What the exercise asks
Every line in the records below between the one holding "with $m,n\ge 2$." and the one holding "rev (sort (map", inclusive, is to be set down exactly; all other lines are to be left out.

*** Task data ***

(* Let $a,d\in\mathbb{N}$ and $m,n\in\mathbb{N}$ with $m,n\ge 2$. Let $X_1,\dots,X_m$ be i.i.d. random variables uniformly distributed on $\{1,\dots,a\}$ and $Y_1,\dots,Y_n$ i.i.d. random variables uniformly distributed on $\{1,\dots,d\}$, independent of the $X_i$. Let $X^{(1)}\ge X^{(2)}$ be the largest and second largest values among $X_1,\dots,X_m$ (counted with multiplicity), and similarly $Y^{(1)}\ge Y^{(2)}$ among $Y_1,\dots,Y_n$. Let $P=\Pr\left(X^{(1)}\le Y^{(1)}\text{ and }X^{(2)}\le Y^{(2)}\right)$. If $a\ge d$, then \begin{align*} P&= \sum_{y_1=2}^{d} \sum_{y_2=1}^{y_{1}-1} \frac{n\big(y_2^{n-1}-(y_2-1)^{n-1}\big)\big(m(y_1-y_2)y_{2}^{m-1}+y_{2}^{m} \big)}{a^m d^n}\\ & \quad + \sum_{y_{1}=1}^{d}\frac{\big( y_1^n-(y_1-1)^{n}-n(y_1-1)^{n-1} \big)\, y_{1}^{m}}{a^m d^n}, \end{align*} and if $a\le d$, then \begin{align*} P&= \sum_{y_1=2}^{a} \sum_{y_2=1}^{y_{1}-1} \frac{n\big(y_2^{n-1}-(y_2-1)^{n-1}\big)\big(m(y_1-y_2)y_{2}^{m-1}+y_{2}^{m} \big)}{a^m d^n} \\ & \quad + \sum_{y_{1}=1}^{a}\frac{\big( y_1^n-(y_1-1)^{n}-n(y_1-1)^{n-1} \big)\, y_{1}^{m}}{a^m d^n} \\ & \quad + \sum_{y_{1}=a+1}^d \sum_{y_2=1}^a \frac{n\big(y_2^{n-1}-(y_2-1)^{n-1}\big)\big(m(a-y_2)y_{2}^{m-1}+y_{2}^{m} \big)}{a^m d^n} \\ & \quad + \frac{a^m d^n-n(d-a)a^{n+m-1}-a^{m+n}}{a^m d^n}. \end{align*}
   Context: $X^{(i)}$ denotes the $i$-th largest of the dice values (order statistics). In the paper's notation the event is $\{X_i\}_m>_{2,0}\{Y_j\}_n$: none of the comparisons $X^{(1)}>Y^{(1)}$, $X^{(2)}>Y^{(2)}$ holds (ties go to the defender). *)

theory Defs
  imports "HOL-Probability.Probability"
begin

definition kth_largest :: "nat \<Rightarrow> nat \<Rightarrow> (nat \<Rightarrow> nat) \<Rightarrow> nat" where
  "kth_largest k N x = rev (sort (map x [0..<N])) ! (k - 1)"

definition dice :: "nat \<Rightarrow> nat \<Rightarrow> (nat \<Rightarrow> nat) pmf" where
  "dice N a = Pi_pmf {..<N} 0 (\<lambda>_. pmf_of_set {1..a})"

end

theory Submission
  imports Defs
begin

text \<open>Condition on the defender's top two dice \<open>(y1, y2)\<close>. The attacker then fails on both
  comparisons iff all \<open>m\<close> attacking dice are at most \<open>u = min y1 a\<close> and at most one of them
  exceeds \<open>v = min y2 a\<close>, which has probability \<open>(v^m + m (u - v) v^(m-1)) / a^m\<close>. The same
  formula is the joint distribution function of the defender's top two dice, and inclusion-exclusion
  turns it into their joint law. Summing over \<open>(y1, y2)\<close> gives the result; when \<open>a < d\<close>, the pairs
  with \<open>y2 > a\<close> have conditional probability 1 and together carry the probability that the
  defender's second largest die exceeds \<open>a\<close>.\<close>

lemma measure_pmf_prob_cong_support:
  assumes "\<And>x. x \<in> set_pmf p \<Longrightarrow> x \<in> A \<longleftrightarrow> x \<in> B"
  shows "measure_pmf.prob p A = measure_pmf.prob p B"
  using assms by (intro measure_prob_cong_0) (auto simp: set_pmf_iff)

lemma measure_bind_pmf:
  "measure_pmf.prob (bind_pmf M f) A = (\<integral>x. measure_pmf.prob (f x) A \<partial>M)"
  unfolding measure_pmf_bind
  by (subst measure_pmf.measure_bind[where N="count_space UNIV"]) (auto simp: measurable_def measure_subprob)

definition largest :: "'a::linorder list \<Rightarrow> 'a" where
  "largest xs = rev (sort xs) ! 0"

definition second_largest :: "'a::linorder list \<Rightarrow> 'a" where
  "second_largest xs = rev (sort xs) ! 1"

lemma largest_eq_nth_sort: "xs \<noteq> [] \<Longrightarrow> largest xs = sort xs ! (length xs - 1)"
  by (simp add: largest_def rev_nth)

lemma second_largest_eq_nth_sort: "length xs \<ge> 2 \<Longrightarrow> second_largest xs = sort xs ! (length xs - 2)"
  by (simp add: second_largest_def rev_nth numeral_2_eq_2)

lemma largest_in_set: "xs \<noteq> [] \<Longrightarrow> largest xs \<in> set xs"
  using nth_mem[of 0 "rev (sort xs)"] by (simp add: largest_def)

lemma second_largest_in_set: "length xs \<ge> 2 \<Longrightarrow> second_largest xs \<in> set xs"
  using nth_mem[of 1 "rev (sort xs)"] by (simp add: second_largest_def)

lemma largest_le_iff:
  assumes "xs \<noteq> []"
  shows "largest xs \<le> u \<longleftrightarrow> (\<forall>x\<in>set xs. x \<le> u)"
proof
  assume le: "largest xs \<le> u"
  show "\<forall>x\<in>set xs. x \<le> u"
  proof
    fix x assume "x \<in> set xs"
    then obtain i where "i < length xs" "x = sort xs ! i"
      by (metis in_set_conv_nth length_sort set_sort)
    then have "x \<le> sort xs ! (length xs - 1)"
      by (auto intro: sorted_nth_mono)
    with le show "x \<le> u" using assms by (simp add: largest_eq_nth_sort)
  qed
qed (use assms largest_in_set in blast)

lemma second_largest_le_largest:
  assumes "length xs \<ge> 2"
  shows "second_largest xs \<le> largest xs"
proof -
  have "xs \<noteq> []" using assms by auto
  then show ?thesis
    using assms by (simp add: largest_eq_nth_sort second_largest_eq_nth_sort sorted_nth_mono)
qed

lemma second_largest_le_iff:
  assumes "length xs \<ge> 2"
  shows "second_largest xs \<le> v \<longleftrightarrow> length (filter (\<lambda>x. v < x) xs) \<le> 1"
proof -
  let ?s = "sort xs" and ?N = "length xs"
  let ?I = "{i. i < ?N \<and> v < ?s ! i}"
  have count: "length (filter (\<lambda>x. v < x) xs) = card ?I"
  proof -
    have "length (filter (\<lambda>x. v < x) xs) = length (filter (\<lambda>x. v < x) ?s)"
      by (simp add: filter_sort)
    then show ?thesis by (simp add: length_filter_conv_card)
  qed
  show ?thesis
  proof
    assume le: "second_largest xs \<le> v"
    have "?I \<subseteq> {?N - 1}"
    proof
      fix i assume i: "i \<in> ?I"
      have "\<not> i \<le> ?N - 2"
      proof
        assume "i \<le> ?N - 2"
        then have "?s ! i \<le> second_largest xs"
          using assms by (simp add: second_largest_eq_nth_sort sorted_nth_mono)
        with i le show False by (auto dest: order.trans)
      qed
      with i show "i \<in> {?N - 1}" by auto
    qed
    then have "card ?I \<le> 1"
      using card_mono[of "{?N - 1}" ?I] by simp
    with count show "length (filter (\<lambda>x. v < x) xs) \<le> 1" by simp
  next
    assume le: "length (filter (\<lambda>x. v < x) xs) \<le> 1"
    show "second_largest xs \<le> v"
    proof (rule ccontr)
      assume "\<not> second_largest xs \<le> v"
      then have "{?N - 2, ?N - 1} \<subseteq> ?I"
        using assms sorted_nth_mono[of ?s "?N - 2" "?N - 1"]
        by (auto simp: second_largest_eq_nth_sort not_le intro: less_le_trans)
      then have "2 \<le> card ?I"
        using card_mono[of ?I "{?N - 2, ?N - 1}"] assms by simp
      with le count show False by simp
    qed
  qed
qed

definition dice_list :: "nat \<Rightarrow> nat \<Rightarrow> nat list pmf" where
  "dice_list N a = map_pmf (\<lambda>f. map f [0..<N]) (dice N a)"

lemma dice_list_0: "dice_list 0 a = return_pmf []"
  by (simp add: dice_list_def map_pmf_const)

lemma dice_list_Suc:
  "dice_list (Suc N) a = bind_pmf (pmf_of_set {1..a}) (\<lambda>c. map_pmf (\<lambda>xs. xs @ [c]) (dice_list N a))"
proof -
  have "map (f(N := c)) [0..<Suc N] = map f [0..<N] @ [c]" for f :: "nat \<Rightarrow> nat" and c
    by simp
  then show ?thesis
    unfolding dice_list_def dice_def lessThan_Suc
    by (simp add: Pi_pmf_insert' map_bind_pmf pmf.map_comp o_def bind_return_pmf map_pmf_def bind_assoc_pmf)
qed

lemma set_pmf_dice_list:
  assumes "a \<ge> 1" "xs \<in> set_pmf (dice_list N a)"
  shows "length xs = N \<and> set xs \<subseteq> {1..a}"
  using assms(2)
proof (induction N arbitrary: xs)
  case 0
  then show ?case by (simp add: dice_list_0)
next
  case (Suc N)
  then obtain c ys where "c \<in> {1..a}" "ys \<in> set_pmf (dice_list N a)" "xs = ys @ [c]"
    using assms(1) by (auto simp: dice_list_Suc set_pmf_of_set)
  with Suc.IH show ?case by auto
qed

*** End of Task data ***
*** Task data ***

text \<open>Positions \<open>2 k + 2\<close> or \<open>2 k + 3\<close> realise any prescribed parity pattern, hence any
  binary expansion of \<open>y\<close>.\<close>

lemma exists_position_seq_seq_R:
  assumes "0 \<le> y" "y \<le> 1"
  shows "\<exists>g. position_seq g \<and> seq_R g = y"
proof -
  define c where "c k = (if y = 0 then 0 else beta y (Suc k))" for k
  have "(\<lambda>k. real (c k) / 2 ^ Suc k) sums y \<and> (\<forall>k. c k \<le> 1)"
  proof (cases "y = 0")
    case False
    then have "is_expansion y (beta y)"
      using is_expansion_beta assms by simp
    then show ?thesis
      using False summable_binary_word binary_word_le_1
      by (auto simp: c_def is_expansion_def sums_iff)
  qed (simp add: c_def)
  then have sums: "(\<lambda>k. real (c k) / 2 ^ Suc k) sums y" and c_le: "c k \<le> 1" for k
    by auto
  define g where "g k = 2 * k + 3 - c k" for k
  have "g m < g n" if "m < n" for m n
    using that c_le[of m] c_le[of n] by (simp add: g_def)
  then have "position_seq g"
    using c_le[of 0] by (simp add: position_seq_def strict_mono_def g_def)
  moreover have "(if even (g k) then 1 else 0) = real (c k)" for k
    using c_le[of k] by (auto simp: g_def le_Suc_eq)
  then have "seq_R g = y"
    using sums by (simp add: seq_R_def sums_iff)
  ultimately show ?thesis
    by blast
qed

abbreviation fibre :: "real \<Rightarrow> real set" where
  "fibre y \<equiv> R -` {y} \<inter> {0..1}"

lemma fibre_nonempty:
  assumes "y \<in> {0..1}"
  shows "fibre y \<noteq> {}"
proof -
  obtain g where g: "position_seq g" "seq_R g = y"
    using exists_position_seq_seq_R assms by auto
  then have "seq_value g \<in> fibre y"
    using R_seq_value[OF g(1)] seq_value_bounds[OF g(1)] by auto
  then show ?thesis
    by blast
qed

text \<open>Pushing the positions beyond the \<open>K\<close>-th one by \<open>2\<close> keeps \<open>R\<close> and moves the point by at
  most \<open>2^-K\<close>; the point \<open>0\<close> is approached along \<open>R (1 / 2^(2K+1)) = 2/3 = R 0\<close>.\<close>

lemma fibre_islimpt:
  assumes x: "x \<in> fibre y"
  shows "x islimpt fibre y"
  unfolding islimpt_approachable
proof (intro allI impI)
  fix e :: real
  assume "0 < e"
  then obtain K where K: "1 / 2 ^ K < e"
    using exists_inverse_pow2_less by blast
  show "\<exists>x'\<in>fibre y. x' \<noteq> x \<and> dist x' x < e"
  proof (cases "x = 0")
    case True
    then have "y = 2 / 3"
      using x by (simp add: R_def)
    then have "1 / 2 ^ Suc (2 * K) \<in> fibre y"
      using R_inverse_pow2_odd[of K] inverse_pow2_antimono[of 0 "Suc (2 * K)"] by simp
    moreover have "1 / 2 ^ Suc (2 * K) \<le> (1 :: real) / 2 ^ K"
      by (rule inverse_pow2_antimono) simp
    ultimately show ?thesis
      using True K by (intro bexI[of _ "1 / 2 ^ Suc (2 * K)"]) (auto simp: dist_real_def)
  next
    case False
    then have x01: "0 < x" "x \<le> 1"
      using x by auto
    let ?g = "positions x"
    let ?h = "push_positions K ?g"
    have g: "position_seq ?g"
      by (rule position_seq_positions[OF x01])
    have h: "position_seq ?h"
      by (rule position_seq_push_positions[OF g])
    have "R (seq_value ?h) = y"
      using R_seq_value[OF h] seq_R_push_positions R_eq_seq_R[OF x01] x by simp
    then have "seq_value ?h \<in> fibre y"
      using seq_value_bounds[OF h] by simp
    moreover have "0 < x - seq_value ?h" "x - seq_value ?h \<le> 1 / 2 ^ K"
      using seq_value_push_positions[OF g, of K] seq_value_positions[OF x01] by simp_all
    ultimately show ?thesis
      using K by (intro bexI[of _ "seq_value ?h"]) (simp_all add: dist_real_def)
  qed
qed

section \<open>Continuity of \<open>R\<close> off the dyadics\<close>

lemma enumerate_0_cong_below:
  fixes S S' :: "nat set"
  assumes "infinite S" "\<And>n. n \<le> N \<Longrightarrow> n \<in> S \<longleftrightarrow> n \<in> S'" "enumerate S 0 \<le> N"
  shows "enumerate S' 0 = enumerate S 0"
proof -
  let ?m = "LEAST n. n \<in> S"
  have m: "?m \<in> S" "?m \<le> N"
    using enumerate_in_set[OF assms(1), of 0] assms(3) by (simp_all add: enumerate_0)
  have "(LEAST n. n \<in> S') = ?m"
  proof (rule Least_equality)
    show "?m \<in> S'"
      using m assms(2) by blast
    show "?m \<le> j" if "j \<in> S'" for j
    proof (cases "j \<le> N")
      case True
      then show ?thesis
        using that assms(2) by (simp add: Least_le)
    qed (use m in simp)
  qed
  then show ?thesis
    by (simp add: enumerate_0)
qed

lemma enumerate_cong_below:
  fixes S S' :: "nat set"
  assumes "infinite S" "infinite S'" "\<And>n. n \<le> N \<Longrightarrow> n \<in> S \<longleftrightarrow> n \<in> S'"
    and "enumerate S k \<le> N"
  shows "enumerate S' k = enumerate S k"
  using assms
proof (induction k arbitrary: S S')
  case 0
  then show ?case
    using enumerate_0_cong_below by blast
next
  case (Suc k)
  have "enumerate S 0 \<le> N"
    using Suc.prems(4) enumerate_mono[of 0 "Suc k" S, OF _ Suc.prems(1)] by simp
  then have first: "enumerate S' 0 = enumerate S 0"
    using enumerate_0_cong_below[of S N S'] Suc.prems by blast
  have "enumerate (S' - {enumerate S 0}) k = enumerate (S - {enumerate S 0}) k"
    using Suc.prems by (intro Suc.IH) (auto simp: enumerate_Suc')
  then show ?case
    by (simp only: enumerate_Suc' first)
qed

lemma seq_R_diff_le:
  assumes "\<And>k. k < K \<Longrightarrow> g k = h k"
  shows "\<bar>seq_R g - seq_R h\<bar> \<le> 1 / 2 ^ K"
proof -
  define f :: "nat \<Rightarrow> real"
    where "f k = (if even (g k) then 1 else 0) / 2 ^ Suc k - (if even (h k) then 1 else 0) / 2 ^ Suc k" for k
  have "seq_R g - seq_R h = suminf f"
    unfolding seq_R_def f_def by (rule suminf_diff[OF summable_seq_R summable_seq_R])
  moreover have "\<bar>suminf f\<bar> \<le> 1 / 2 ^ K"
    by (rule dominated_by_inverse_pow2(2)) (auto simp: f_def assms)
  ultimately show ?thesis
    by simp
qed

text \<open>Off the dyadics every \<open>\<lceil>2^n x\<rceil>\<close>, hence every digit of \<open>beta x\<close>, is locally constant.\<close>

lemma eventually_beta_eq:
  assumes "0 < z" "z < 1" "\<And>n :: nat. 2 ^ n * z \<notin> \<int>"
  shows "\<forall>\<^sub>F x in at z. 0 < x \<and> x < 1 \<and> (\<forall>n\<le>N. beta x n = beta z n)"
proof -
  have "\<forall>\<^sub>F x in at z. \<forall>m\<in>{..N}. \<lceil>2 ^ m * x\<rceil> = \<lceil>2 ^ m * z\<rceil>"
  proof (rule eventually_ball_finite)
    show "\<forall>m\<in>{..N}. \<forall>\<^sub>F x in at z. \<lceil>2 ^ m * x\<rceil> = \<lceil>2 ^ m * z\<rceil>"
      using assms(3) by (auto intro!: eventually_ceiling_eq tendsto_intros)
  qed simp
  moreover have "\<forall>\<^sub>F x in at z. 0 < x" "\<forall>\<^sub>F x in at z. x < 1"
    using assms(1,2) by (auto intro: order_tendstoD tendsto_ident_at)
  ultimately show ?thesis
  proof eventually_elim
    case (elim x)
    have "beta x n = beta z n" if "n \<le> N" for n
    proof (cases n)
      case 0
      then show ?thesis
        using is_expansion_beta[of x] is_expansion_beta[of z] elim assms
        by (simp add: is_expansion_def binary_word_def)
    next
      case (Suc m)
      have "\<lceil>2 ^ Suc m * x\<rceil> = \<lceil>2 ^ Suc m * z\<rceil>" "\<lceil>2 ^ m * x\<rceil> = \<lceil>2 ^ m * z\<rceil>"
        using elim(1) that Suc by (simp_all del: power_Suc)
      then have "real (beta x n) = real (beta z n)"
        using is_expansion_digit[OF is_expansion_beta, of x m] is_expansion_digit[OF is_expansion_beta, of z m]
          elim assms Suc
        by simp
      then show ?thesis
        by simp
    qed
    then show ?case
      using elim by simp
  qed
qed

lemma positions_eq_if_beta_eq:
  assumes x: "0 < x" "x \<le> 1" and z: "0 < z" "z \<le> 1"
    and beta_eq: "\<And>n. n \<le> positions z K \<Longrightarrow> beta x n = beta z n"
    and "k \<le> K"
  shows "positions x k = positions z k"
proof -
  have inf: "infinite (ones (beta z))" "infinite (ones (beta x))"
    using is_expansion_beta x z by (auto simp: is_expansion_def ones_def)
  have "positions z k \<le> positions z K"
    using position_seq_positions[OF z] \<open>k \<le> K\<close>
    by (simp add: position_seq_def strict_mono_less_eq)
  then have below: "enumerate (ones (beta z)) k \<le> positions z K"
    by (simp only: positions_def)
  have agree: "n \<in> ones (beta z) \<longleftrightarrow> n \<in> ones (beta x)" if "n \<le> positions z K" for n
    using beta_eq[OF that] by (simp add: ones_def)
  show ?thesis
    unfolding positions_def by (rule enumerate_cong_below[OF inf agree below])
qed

*** End of Task data ***

Answer to this task
(* Let $a,d\in\mathbb{N}$ and $m,n\in\mathbb{N}$ with $m,n\ge 2$. Let $X_1,\dots,X_m$ be i.i.d. random variables uniformly distributed on $\{1,\dots,a\}$ and $Y_1,\dots,Y_n$ i.i.d. random variables uniformly distributed on $\{1,\dots,d\}$, independent of the $X_i$. Let $X^{(1)}\ge X^{(2)}$ be the largest and second largest values among $X_1,\dots,X_m$ (counted with multiplicity), and similarly $Y^{(1)}\ge Y^{(2)}$ among $Y_1,\dots,Y_n$. Let $P=\Pr\left(X^{(1)}\le Y^{(1)}\text{ and }X^{(2)}\le Y^{(2)}\right)$. If $a\ge d$, then \begin{align*} P&= \sum_{y_1=2}^{d} \sum_{y_2=1}^{y_{1}-1} \frac{n\big(y_2^{n-1}-(y_2-1)^{n-1}\big)\big(m(y_1-y_2)y_{2}^{m-1}+y_{2}^{m} \big)}{a^m d^n}\\ & \quad + \sum_{y_{1}=1}^{d}\frac{\big( y_1^n-(y_1-1)^{n}-n(y_1-1)^{n-1} \big)\, y_{1}^{m}}{a^m d^n}, \end{align*} and if $a\le d$, then \begin{align*} P&= \sum_{y_1=2}^{a} \sum_{y_2=1}^{y_{1}-1} \frac{n\big(y_2^{n-1}-(y_2-1)^{n-1}\big)\big(m(y_1-y_2)y_{2}^{m-1}+y_{2}^{m} \big)}{a^m d^n} \\ & \quad + \sum_{y_{1}=1}^{a}\frac{\big( y_1^n-(y_1-1)^{n}-n(y_1-1)^{n-1} \big)\, y_{1}^{m}}{a^m d^n} \\ & \quad + \sum_{y_{1}=a+1}^d \sum_{y_2=1}^a \frac{n\big(y_2^{n-1}-(y_2-1)^{n-1}\big)\big(m(a-y_2)y_{2}^{m-1}+y_{2}^{m} \big)}{a^m d^n} \\ & \quad + \frac{a^m d^n-n(d-a)a^{n+m-1}-a^{m+n}}{a^m d^n}. \end{align*}
   Context: $X^{(i)}$ denotes the $i$-th largest of the dice values (order statistics). In the paper's notation the event is $\{X_i\}_m>_{2,0}\{Y_j\}_n$: none of the comparisons $X^{(1)}>Y^{(1)}$, $X^{(2)}>Y^{(2)}$ holds (ties go to the defender). *)

theory Defs
  imports "HOL-Probability.Probability"
begin

definition kth_largest :: "nat \<Rightarrow> nat \<Rightarrow> (nat \<Rightarrow> nat) \<Rightarrow> nat" where
  "kth_largest k N x = rev (sort (map x [0..<N])) ! (k - 1)"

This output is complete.